-- Opening Marker --
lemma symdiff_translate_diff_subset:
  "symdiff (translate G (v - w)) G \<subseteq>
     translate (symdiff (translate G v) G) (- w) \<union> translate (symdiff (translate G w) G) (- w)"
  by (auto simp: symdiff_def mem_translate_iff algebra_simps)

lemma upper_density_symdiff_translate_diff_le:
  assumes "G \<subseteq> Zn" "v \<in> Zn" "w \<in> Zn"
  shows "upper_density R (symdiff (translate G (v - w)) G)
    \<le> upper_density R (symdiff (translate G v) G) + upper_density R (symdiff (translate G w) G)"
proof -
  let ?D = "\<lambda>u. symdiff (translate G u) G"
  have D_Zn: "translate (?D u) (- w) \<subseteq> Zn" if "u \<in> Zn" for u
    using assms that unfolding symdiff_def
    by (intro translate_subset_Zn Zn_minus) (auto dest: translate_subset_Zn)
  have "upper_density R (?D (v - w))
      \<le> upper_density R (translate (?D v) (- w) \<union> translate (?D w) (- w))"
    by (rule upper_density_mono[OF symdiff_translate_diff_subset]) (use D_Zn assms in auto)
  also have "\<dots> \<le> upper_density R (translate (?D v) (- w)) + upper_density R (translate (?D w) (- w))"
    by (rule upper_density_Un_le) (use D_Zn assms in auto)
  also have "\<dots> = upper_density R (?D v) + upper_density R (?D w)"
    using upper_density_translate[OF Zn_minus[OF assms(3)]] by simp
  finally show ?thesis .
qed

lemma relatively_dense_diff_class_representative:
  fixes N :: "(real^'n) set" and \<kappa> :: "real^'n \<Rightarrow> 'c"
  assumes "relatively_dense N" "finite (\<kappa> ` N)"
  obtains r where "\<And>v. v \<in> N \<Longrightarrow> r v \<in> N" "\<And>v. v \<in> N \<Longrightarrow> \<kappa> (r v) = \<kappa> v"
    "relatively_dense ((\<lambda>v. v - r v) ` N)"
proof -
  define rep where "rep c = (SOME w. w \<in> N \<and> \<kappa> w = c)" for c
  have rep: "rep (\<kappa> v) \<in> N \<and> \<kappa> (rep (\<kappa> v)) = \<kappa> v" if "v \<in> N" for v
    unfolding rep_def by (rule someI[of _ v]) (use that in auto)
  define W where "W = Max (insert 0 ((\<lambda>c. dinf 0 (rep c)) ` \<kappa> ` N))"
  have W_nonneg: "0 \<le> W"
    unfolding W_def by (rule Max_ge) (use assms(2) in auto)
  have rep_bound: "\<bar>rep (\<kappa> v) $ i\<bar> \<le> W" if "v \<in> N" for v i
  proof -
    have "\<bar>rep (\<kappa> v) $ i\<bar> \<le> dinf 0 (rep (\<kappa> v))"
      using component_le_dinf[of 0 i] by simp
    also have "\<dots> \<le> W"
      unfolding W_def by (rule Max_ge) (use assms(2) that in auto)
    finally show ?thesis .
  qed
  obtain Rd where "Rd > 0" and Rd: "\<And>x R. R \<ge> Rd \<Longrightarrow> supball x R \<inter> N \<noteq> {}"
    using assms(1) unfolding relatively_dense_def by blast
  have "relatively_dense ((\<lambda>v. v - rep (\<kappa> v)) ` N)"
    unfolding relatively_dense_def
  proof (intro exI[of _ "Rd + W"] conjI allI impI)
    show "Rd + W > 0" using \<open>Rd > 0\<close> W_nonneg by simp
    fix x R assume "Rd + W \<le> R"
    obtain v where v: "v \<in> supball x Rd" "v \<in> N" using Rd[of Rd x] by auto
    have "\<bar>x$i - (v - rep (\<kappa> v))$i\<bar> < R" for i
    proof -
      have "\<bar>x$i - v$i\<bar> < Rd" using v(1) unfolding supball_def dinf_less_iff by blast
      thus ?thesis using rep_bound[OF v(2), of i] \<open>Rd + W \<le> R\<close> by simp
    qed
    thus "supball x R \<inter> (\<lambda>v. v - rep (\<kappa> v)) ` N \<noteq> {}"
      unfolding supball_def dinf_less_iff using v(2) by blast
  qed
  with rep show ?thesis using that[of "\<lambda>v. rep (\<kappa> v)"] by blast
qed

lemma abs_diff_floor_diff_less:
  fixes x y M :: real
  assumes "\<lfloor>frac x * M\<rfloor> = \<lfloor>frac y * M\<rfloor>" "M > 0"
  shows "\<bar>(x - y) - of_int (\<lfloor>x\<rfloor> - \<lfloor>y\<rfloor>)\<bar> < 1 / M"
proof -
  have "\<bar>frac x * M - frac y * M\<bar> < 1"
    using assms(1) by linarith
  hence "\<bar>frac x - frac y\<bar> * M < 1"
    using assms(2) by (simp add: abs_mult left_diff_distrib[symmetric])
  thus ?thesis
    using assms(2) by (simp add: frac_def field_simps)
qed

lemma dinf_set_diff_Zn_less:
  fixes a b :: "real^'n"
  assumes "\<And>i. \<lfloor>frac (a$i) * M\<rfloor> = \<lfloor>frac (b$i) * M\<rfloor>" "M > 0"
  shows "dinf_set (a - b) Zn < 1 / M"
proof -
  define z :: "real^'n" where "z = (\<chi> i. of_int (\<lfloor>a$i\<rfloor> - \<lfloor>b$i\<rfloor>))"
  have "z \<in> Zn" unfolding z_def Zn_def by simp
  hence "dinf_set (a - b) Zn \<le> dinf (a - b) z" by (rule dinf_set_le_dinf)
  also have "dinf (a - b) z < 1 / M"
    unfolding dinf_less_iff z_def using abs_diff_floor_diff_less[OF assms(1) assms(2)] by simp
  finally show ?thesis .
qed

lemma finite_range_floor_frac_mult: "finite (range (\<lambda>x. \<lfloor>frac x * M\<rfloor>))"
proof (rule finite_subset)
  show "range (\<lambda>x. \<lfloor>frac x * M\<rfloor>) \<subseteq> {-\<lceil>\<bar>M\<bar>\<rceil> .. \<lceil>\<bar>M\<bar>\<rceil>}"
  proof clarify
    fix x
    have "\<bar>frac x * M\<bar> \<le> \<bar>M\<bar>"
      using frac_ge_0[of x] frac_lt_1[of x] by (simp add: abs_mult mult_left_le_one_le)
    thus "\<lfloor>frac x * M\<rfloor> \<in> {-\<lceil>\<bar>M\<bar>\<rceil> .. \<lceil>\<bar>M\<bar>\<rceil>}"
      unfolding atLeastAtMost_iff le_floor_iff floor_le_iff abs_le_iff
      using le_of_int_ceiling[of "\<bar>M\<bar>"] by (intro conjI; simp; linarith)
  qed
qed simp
-- Closing Marker --
* REQUIRED WORK: In the listing above, find every line with the word "kappa" and copy it out.

* EXPECTED ANSWER:
  fixes N :: "(real^'n) set" and \<kappa> :: "real^'n \<Rightarrow> 'c"
  assumes "relatively_dense N" "finite (\<kappa> ` N)"
  obtains r where "\<And>v. v \<in> N \<Longrightarrow> r v \<in> N" "\<And>v. v \<in> N \<Longrightarrow> \<kappa> (r v) = \<kappa> v"
  define rep where "rep c = (SOME w. w \<in> N \<and> \<kappa> w = c)" for c
  have rep: "rep (\<kappa> v) \<in> N \<and> \<kappa> (rep (\<kappa> v)) = \<kappa> v" if "v \<in> N" for v
  define W where "W = Max (insert 0 ((\<lambda>c. dinf 0 (rep c)) ` \<kappa> ` N))"
  have rep_bound: "\<bar>rep (\<kappa> v) $ i\<bar> \<le> W" if "v \<in> N" for v i
    have "\<bar>rep (\<kappa> v) $ i\<bar> \<le> dinf 0 (rep (\<kappa> v))"
  have "relatively_dense ((\<lambda>v. v - rep (\<kappa> v)) ` N)"
    have "\<bar>x$i - (v - rep (\<kappa> v))$i\<bar> < R" for i
    thus "supball x R \<inter> (\<lambda>v. v - rep (\<kappa> v)) ` N \<noteq> {}"
  with rep show ?thesis using that[of "\<lambda>v. rep (\<kappa> v)"] by blast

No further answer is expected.